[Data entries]
☆ ☆ ☆ ☆ ☆

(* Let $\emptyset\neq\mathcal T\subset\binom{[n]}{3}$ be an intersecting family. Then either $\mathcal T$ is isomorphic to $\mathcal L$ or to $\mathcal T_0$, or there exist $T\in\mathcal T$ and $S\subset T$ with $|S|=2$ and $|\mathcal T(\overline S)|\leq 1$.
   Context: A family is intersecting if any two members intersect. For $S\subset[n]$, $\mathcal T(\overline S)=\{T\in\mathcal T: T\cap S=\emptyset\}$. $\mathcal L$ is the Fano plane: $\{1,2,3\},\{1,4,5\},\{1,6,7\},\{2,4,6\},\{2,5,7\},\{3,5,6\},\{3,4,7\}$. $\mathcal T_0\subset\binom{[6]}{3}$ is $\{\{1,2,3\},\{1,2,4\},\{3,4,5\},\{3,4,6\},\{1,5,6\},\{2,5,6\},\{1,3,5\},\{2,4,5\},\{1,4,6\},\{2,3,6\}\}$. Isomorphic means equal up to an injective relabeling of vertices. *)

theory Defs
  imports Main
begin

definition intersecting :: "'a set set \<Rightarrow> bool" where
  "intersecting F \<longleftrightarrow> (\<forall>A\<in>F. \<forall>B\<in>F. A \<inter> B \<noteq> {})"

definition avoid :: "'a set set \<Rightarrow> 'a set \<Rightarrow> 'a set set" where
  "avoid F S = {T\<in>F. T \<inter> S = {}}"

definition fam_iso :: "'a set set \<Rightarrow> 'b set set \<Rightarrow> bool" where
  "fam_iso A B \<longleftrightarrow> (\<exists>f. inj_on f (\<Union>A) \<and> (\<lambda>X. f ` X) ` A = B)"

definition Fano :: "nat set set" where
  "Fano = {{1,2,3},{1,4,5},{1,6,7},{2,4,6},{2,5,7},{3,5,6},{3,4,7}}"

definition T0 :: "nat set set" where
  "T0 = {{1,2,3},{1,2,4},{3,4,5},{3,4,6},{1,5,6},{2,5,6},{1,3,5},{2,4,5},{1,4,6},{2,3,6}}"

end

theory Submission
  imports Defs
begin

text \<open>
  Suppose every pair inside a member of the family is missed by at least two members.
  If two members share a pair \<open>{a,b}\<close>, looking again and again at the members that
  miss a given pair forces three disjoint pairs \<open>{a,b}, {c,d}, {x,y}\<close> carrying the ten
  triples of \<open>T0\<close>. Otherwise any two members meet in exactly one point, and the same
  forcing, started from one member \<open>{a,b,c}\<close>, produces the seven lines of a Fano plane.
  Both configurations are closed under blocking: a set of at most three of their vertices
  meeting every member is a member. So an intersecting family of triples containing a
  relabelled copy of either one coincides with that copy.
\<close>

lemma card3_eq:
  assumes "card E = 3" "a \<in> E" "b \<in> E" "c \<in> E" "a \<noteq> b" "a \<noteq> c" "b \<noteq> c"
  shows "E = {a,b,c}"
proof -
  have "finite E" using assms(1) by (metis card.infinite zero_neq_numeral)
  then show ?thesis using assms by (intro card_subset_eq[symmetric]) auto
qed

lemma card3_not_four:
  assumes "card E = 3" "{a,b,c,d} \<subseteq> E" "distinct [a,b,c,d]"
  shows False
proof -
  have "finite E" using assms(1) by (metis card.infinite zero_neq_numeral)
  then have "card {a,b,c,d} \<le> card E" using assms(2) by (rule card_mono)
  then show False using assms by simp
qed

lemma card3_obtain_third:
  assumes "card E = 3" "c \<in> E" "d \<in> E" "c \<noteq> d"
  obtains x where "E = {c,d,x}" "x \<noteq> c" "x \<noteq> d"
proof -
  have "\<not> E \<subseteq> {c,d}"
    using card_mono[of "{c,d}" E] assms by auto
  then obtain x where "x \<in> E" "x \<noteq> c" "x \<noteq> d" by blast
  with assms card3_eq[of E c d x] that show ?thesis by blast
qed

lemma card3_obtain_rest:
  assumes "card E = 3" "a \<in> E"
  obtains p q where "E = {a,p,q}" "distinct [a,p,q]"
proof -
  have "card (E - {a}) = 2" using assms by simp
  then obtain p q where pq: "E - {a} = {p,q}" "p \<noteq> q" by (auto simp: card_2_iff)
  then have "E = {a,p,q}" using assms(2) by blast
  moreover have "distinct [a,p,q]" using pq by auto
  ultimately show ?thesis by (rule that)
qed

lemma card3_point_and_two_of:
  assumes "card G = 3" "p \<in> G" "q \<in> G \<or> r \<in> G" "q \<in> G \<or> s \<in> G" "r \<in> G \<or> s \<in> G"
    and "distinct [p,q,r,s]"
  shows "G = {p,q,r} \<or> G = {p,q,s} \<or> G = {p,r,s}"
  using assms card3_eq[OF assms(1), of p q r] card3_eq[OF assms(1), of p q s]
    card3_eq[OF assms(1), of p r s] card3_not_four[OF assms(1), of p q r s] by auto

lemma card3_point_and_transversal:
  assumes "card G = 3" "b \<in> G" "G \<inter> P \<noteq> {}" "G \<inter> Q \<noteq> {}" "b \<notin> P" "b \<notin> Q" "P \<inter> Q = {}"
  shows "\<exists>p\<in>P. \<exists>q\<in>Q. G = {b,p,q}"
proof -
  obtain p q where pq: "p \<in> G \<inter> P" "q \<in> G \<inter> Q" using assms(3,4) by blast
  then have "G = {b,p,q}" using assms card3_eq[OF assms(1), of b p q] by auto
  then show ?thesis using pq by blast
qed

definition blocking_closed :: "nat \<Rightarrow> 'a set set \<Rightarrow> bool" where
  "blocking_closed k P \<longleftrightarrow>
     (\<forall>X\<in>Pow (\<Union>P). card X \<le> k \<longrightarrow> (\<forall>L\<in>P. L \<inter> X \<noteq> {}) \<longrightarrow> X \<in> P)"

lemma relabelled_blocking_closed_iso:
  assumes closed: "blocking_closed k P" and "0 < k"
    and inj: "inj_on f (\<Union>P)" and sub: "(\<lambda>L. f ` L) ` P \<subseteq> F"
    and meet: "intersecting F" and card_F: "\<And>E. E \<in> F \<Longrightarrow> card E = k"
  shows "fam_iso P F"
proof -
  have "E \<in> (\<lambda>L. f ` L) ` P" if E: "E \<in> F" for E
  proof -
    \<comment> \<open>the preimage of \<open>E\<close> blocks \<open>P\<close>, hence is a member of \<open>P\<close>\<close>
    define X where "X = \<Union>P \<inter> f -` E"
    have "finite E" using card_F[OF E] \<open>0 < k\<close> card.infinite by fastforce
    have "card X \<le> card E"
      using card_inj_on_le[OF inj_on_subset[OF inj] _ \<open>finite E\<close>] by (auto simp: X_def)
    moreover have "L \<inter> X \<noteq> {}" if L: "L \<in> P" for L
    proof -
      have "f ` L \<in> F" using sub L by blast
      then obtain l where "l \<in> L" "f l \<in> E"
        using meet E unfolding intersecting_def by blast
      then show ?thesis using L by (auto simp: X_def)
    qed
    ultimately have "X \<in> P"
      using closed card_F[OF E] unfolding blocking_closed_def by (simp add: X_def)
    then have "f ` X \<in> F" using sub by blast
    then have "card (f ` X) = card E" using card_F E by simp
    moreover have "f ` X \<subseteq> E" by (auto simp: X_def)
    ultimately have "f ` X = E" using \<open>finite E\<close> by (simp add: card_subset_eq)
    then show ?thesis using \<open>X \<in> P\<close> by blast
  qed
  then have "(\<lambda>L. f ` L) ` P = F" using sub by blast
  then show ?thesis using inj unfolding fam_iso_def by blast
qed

☆ ☆ ☆ ☆ ☆

### WHAT YOU HAVE TO DO
The whole block of data above should be printed again verbatim.

### RESULT OF THIS EXERCISE
(* Let $\emptyset\neq\mathcal T\subset\binom{[n]}{3}$ be an intersecting family. Then either $\mathcal T$ is isomorphic to $\mathcal L$ or to $\mathcal T_0$, or there exist $T\in\mathcal T$ and $S\subset T$ with $|S|=2$ and $|\mathcal T(\overline S)|\leq 1$.
   Context: A family is intersecting if any two members intersect. For $S\subset[n]$, $\mathcal T(\overline S)=\{T\in\mathcal T: T\cap S=\emptyset\}$. $\mathcal L$ is the Fano plane: $\{1,2,3\},\{1,4,5\},\{1,6,7\},\{2,4,6\},\{2,5,7\},\{3,5,6\},\{3,4,7\}$. $\mathcal T_0\subset\binom{[6]}{3}$ is $\{\{1,2,3\},\{1,2,4\},\{3,4,5\},\{3,4,6\},\{1,5,6\},\{2,5,6\},\{1,3,5\},\{2,4,5\},\{1,4,6\},\{2,3,6\}\}$. Isomorphic means equal up to an injective relabeling of vertices. *)

theory Defs
  imports Main
begin

definition intersecting :: "'a set set \<Rightarrow> bool" where
  "intersecting F \<longleftrightarrow> (\<forall>A\<in>F. \<forall>B\<in>F. A \<inter> B \<noteq> {})"

definition avoid :: "'a set set \<Rightarrow> 'a set \<Rightarrow> 'a set set" where
  "avoid F S = {T\<in>F. T \<inter> S = {}}"

definition fam_iso :: "'a set set \<Rightarrow> 'b set set \<Rightarrow> bool" where
  "fam_iso A B \<longleftrightarrow> (\<exists>f. inj_on f (\<Union>A) \<and> (\<lambda>X. f ` X) ` A = B)"

definition Fano :: "nat set set" where
  "Fano = {{1,2,3},{1,4,5},{1,6,7},{2,4,6},{2,5,7},{3,5,6},{3,4,7}}"

definition T0 :: "nat set set" where
  "T0 = {{1,2,3},{1,2,4},{3,4,5},{3,4,6},{1,5,6},{2,5,6},{1,3,5},{2,4,5},{1,4,6},{2,3,6}}"

end

theory Submission
  imports Defs
begin

text \<open>
  Suppose every pair inside a member of the family is missed by at least two members.
  If two members share a pair \<open>{a,b}\<close>, looking again and again at the members that
  miss a given pair forces three disjoint pairs \<open>{a,b}, {c,d}, {x,y}\<close> carrying the ten
  triples of \<open>T0\<close>. Otherwise any two members meet in exactly one point, and the same
  forcing, started from one member \<open>{a,b,c}\<close>, produces the seven lines of a Fano plane.
  Both configurations are closed under blocking: a set of at most three of their vertices
  meeting every member is a member. So an intersecting family of triples containing a
  relabelled copy of either one coincides with that copy.
\<close>

lemma card3_eq:
  assumes "card E = 3" "a \<in> E" "b \<in> E" "c \<in> E" "a \<noteq> b" "a \<noteq> c" "b \<noteq> c"
  shows "E = {a,b,c}"
proof -
  have "finite E" using assms(1) by (metis card.infinite zero_neq_numeral)
  then show ?thesis using assms by (intro card_subset_eq[symmetric]) auto
qed

lemma card3_not_four:
  assumes "card E = 3" "{a,b,c,d} \<subseteq> E" "distinct [a,b,c,d]"
  shows False
proof -
  have "finite E" using assms(1) by (metis card.infinite zero_neq_numeral)
  then have "card {a,b,c,d} \<le> card E" using assms(2) by (rule card_mono)
  then show False using assms by simp
qed

lemma card3_obtain_third:
  assumes "card E = 3" "c \<in> E" "d \<in> E" "c \<noteq> d"
  obtains x where "E = {c,d,x}" "x \<noteq> c" "x \<noteq> d"
proof -
  have "\<not> E \<subseteq> {c,d}"
    using card_mono[of "{c,d}" E] assms by auto
  then obtain x where "x \<in> E" "x \<noteq> c" "x \<noteq> d" by blast
  with assms card3_eq[of E c d x] that show ?thesis by blast
qed

lemma card3_obtain_rest:
  assumes "card E = 3" "a \<in> E"
  obtains p q where "E = {a,p,q}" "distinct [a,p,q]"
proof -
  have "card (E - {a}) = 2" using assms by simp
  then obtain p q where pq: "E - {a} = {p,q}" "p \<noteq> q" by (auto simp: card_2_iff)
  then have "E = {a,p,q}" using assms(2) by blast
  moreover have "distinct [a,p,q]" using pq by auto
  ultimately show ?thesis by (rule that)
qed

lemma card3_point_and_two_of:
  assumes "card G = 3" "p \<in> G" "q \<in> G \<or> r \<in> G" "q \<in> G \<or> s \<in> G" "r \<in> G \<or> s \<in> G"
    and "distinct [p,q,r,s]"
  shows "G = {p,q,r} \<or> G = {p,q,s} \<or> G = {p,r,s}"
  using assms card3_eq[OF assms(1), of p q r] card3_eq[OF assms(1), of p q s]
    card3_eq[OF assms(1), of p r s] card3_not_four[OF assms(1), of p q r s] by auto

lemma card3_point_and_transversal:
  assumes "card G = 3" "b \<in> G" "G \<inter> P \<noteq> {}" "G \<inter> Q \<noteq> {}" "b \<notin> P" "b \<notin> Q" "P \<inter> Q = {}"
  shows "\<exists>p\<in>P. \<exists>q\<in>Q. G = {b,p,q}"
proof -
  obtain p q where pq: "p \<in> G \<inter> P" "q \<in> G \<inter> Q" using assms(3,4) by blast
  then have "G = {b,p,q}" using assms card3_eq[OF assms(1), of b p q] by auto
  then show ?thesis using pq by blast
qed

definition blocking_closed :: "nat \<Rightarrow> 'a set set \<Rightarrow> bool" where
  "blocking_closed k P \<longleftrightarrow>
     (\<forall>X\<in>Pow (\<Union>P). card X \<le> k \<longrightarrow> (\<forall>L\<in>P. L \<inter> X \<noteq> {}) \<longrightarrow> X \<in> P)"

lemma relabelled_blocking_closed_iso:
  assumes closed: "blocking_closed k P" and "0 < k"
    and inj: "inj_on f (\<Union>P)" and sub: "(\<lambda>L. f ` L) ` P \<subseteq> F"
    and meet: "intersecting F" and card_F: "\<And>E. E \<in> F \<Longrightarrow> card E = k"
  shows "fam_iso P F"
proof -
  have "E \<in> (\<lambda>L. f ` L) ` P" if E: "E \<in> F" for E
  proof -
    \<comment> \<open>the preimage of \<open>E\<close> blocks \<open>P\<close>, hence is a member of \<open>P\<close>\<close>
    define X where "X = \<Union>P \<inter> f -` E"
    have "finite E" using card_F[OF E] \<open>0 < k\<close> card.infinite by fastforce
    have "card X \<le> card E"
      using card_inj_on_le[OF inj_on_subset[OF inj] _ \<open>finite E\<close>] by (auto simp: X_def)
    moreover have "L \<inter> X \<noteq> {}" if L: "L \<in> P" for L
    proof -
      have "f ` L \<in> F" using sub L by blast
      then obtain l where "l \<in> L" "f l \<in> E"
        using meet E unfolding intersecting_def by blast
      then show ?thesis using L by (auto simp: X_def)
    qed
    ultimately have "X \<in> P"
      using closed card_F[OF E] unfolding blocking_closed_def by (simp add: X_def)
    then have "f ` X \<in> F" using sub by blast
    then have "card (f ` X) = card E" using card_F E by simp
    moreover have "f ` X \<subseteq> E" by (auto simp: X_def)
    ultimately have "f ` X = E" using \<open>finite E\<close> by (simp add: card_subset_eq)
    then show ?thesis using \<open>X \<in> P\<close> by blast
  qed
  then have "(\<lambda>L. f ` L) ` P = F" using sub by blast
  then show ?thesis using inj unfolding fam_iso_def by blast
qed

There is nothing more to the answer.